■ **WHAT TO WORK ON**: The word to find is "elim". State how many lines below contain it, giving only the number.

(Stored data entries)
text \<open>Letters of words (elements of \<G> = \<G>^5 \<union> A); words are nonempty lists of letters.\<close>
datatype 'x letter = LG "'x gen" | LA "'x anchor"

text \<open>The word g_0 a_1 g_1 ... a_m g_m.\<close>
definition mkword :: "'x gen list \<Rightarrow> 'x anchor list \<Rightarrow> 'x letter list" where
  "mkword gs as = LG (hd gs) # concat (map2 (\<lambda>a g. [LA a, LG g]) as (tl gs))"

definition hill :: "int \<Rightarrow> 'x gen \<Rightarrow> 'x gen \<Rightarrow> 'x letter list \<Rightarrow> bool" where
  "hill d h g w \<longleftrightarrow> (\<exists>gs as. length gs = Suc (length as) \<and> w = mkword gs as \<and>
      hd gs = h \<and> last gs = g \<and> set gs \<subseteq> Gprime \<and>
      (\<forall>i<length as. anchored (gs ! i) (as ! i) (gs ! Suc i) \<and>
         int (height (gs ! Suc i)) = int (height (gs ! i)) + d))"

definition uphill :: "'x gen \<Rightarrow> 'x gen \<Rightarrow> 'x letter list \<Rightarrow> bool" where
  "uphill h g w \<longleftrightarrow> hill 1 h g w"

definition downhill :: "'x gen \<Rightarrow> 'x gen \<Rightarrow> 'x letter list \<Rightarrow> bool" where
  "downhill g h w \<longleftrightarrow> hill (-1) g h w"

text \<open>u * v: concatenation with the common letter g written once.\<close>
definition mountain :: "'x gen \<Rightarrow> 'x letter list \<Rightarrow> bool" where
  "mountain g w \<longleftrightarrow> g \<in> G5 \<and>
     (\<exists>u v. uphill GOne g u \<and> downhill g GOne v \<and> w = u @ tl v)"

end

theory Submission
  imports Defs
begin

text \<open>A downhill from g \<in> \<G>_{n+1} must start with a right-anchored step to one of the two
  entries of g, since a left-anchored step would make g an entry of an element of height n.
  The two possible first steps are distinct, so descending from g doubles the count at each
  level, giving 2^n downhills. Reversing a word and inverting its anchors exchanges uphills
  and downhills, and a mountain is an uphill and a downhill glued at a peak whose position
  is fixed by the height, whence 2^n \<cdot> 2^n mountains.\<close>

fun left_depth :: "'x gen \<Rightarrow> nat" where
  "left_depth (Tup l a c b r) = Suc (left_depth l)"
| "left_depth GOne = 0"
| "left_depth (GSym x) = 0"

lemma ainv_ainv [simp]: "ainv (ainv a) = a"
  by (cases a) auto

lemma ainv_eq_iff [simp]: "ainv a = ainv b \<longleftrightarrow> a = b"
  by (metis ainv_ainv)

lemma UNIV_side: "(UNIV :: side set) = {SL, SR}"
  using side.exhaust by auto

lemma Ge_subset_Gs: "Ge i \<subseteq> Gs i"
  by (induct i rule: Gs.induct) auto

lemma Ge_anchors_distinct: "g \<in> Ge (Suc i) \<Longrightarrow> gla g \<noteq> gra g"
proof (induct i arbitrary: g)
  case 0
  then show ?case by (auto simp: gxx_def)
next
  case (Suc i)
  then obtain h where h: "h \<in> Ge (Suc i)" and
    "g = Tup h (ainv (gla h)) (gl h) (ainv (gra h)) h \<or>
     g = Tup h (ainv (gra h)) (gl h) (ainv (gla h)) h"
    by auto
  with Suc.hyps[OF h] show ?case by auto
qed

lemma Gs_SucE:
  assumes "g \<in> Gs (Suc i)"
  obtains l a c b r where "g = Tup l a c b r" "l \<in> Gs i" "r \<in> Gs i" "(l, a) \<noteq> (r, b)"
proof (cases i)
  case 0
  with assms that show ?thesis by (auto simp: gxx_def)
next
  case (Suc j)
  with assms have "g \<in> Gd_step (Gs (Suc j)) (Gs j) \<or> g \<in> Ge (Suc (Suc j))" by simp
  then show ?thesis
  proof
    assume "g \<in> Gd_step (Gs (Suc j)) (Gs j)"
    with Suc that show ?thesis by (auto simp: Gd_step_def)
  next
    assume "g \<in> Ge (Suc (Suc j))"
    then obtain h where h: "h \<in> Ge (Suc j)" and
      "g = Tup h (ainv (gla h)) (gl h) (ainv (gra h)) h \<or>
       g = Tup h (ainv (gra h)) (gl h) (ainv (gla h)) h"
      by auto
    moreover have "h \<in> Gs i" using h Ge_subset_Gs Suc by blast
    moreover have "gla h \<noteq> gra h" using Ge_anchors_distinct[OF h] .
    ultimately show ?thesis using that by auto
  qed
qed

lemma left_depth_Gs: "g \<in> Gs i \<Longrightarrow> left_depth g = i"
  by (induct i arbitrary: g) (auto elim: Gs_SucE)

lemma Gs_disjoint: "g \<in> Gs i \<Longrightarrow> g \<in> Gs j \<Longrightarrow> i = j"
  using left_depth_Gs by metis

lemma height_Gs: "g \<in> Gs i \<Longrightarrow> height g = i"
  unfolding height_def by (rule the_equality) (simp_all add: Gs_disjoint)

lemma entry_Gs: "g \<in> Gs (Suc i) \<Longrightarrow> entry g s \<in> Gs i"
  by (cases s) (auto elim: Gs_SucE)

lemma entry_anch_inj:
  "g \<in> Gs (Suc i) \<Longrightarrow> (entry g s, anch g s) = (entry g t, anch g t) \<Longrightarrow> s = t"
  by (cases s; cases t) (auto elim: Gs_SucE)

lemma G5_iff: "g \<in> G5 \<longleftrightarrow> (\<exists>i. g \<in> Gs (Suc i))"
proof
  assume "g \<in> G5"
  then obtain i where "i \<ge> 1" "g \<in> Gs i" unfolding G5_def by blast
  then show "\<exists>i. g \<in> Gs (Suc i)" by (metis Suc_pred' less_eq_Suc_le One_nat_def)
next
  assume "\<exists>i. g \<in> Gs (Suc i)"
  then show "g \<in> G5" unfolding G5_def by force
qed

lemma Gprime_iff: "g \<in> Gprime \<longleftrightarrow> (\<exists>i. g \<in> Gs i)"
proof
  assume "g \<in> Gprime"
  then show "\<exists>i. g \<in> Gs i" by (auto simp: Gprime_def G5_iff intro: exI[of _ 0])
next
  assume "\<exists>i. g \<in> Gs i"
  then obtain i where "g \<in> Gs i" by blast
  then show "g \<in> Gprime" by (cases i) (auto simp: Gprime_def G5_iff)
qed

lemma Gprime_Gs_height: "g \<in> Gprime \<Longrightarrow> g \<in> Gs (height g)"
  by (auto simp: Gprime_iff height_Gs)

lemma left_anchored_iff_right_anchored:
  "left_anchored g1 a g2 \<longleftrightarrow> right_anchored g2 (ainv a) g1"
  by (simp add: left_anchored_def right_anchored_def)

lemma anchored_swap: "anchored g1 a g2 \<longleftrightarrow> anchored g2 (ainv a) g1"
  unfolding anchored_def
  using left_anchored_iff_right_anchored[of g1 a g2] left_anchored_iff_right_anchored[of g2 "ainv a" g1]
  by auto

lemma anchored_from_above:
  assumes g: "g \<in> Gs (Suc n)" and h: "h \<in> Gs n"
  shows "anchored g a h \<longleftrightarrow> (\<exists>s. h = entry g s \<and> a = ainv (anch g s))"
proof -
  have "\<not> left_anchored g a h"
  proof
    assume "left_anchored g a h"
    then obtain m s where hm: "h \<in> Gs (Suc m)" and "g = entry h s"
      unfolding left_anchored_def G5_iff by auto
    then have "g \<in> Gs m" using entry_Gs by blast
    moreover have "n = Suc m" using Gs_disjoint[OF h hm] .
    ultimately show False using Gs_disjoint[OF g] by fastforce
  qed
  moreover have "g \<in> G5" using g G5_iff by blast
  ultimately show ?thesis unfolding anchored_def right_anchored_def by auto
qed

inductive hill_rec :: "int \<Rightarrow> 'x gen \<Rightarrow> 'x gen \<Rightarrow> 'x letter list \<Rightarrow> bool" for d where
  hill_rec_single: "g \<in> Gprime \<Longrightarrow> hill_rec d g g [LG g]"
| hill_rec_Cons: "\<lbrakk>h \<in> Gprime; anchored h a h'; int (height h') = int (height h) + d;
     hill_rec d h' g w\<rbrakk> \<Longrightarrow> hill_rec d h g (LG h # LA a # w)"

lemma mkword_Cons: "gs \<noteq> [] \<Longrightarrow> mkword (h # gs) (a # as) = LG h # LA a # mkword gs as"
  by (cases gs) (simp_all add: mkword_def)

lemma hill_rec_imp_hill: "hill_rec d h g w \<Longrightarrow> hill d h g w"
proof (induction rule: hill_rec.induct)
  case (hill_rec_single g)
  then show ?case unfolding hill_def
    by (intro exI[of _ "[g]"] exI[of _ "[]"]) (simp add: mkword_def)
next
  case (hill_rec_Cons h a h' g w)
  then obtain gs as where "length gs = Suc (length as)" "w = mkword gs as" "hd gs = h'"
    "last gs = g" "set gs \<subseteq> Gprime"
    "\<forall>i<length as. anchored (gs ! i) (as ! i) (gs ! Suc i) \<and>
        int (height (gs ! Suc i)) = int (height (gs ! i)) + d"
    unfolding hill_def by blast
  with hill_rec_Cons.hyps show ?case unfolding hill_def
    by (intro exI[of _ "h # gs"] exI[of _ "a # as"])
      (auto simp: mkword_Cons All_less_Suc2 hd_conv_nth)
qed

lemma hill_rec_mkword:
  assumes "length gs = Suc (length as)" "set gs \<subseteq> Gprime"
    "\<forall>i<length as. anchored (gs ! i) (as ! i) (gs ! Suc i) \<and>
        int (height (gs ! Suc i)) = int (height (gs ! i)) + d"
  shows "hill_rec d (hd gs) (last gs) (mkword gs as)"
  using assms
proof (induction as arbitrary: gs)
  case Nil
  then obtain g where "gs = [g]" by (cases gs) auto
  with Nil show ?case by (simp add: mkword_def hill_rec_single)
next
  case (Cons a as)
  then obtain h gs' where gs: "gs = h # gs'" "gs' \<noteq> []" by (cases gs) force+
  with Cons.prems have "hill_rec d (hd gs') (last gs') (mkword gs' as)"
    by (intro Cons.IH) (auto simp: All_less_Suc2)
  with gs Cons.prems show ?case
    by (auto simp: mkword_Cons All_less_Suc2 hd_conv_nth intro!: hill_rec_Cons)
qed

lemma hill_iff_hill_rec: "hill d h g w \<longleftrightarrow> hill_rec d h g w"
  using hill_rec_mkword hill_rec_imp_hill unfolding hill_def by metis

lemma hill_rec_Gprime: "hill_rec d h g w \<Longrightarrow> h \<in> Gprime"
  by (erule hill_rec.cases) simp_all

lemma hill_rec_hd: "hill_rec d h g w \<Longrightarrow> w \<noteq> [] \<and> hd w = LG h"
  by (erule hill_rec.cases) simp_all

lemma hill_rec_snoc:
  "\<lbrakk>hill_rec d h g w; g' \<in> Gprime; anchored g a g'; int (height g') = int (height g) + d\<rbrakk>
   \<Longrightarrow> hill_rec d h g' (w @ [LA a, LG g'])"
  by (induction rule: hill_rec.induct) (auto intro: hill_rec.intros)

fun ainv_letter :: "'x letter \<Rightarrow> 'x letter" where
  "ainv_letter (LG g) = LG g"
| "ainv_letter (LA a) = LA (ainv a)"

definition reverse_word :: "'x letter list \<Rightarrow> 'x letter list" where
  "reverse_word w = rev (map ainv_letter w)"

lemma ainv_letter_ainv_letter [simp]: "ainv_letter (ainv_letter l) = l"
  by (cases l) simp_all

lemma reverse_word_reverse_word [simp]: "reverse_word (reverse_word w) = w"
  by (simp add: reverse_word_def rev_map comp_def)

...

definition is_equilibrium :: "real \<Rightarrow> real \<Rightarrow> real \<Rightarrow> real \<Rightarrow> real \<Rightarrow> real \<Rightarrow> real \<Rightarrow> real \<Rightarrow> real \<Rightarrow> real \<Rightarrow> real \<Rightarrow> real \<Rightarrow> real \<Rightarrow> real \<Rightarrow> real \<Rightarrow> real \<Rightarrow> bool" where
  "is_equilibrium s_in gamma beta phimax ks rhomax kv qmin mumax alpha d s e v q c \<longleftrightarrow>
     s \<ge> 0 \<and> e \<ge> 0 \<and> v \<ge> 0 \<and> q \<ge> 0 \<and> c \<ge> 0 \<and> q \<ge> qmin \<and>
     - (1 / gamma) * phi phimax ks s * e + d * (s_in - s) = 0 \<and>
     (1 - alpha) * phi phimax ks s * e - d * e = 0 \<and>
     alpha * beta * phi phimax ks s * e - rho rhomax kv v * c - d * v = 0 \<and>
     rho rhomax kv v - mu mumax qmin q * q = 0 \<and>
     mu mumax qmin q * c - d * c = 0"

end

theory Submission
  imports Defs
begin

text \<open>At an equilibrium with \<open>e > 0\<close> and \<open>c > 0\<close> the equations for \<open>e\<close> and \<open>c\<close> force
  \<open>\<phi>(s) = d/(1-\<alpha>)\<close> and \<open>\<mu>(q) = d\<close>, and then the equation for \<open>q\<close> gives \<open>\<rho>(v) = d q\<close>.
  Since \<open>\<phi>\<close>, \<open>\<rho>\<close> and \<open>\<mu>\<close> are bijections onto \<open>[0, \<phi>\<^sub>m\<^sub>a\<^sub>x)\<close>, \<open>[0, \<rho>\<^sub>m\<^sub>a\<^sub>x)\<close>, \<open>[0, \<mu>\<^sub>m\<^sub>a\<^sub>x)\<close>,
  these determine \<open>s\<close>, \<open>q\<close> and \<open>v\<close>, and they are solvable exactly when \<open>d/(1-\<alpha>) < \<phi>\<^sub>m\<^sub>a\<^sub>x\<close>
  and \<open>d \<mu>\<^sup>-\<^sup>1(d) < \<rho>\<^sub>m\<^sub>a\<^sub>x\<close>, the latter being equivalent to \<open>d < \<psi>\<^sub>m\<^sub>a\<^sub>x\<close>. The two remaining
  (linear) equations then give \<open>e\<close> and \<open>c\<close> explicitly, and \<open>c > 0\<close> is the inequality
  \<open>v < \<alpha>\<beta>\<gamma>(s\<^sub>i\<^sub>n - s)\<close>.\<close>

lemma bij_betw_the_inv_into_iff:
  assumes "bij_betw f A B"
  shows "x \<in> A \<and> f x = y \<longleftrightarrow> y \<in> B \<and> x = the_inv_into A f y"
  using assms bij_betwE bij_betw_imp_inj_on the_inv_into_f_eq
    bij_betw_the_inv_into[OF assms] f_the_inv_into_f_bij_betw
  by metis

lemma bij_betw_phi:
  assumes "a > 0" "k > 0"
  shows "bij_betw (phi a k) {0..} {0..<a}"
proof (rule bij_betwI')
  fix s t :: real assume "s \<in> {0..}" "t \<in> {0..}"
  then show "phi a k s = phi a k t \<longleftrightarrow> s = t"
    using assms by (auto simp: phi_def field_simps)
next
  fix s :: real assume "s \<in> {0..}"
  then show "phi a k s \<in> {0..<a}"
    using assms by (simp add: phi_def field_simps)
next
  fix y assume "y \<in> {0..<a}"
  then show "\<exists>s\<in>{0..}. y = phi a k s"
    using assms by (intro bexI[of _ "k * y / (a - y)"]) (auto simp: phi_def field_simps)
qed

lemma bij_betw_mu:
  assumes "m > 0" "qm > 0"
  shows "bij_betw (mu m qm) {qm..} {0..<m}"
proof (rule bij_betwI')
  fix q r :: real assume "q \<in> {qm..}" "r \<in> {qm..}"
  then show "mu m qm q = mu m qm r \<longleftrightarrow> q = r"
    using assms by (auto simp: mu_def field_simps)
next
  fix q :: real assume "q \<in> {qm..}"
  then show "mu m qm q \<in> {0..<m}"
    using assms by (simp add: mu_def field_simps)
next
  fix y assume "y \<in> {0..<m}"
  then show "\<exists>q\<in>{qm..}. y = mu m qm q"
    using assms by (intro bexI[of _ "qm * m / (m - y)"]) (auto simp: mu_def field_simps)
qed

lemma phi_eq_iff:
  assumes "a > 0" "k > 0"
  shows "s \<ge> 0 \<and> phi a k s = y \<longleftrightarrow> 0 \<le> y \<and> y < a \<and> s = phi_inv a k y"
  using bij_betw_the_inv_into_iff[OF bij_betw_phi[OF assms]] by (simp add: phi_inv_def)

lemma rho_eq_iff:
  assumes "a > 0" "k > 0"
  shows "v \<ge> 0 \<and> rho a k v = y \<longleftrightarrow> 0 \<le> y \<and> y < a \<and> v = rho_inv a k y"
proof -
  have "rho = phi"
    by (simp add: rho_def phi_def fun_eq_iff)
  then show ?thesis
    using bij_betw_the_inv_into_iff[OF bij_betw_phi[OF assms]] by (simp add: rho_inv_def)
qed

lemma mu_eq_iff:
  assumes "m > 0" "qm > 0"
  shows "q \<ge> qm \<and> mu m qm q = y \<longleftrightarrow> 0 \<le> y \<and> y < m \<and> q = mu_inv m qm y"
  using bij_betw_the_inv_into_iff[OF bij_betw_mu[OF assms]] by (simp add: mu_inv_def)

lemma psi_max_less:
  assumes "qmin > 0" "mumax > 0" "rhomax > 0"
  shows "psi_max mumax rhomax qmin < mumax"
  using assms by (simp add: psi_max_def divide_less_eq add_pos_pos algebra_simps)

* * *

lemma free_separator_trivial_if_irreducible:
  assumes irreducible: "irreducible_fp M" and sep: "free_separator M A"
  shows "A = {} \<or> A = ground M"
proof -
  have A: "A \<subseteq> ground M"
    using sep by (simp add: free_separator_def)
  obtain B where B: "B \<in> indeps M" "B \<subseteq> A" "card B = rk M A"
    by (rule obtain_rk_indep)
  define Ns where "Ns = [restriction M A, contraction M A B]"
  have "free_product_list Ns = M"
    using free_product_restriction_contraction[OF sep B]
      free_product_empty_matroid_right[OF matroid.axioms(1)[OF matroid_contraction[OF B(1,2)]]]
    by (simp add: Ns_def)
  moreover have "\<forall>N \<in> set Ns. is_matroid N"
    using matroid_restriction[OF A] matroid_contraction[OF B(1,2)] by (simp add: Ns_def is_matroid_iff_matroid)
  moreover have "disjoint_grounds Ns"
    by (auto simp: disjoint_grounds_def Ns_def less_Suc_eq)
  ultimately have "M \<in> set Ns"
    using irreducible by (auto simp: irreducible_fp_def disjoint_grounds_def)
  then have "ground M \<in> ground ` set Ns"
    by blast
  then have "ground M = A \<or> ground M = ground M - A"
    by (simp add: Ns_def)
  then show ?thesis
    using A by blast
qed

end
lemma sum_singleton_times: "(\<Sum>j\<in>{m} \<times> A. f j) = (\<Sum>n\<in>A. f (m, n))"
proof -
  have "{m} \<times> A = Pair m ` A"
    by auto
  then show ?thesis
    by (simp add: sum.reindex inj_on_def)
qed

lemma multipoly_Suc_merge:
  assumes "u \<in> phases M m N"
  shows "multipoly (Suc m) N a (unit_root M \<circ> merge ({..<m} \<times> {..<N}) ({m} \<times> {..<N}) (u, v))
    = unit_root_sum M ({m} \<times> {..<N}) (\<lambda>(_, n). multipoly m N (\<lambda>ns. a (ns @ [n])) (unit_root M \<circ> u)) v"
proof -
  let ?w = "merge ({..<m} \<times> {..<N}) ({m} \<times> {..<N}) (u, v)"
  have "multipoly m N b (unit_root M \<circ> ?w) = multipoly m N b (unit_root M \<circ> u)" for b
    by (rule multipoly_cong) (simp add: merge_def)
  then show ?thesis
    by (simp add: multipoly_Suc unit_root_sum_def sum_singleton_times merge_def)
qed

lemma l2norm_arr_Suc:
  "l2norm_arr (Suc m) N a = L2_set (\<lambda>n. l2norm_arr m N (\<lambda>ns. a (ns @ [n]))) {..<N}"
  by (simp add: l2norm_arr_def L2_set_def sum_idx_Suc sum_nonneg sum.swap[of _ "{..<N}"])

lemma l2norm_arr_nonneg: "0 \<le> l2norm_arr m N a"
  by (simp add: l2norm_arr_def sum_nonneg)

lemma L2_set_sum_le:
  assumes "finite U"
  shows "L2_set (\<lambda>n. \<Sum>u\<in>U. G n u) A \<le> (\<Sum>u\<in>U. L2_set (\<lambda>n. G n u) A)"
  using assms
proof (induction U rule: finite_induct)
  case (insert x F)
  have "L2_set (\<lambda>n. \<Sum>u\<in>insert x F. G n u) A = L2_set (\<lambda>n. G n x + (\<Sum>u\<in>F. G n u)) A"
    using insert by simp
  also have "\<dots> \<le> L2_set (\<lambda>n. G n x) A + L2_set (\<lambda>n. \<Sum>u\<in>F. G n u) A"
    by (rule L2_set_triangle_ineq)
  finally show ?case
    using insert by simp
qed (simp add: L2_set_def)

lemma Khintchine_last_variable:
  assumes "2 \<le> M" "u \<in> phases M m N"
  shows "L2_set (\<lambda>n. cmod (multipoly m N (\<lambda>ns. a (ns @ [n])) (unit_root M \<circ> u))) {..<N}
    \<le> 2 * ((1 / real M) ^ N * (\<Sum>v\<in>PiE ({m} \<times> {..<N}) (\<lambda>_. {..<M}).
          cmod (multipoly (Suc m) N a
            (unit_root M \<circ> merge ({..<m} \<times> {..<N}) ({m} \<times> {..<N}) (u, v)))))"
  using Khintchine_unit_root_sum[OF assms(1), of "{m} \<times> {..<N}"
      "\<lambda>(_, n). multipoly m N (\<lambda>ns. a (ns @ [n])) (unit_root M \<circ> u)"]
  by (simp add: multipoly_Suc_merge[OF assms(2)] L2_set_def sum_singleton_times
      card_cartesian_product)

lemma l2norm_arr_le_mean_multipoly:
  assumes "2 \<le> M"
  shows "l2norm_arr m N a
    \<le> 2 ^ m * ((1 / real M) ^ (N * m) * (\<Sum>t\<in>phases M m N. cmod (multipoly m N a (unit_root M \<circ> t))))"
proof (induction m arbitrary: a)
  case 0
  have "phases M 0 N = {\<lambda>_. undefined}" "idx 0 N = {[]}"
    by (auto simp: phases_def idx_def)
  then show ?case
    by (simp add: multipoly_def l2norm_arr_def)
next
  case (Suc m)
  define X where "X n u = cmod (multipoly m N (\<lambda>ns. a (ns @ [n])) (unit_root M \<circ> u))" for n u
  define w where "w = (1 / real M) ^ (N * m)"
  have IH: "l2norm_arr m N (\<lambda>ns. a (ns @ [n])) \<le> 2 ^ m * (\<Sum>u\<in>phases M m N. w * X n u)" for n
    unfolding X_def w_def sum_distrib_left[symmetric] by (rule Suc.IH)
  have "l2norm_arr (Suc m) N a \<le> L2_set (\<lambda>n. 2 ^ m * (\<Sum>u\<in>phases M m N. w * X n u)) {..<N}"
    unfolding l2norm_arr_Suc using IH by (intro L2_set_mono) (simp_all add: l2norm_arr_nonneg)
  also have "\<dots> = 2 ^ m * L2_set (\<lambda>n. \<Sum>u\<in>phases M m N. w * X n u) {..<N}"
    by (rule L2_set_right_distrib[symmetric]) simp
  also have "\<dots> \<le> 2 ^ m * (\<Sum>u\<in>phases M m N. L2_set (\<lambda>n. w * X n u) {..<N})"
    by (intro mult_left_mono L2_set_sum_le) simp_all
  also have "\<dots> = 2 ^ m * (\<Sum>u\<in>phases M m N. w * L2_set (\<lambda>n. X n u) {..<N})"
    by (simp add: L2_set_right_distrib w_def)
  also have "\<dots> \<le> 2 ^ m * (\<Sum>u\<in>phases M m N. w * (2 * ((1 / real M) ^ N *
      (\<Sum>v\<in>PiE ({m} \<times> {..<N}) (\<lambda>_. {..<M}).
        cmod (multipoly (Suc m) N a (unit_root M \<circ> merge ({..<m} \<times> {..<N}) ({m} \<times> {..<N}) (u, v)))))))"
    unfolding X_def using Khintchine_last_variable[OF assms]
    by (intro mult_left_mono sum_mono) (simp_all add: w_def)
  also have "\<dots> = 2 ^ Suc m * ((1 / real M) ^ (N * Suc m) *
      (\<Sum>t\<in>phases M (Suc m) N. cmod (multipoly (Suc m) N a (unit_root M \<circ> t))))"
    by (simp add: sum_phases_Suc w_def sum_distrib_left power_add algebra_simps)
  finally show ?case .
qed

■ **THE ANSWER**: 3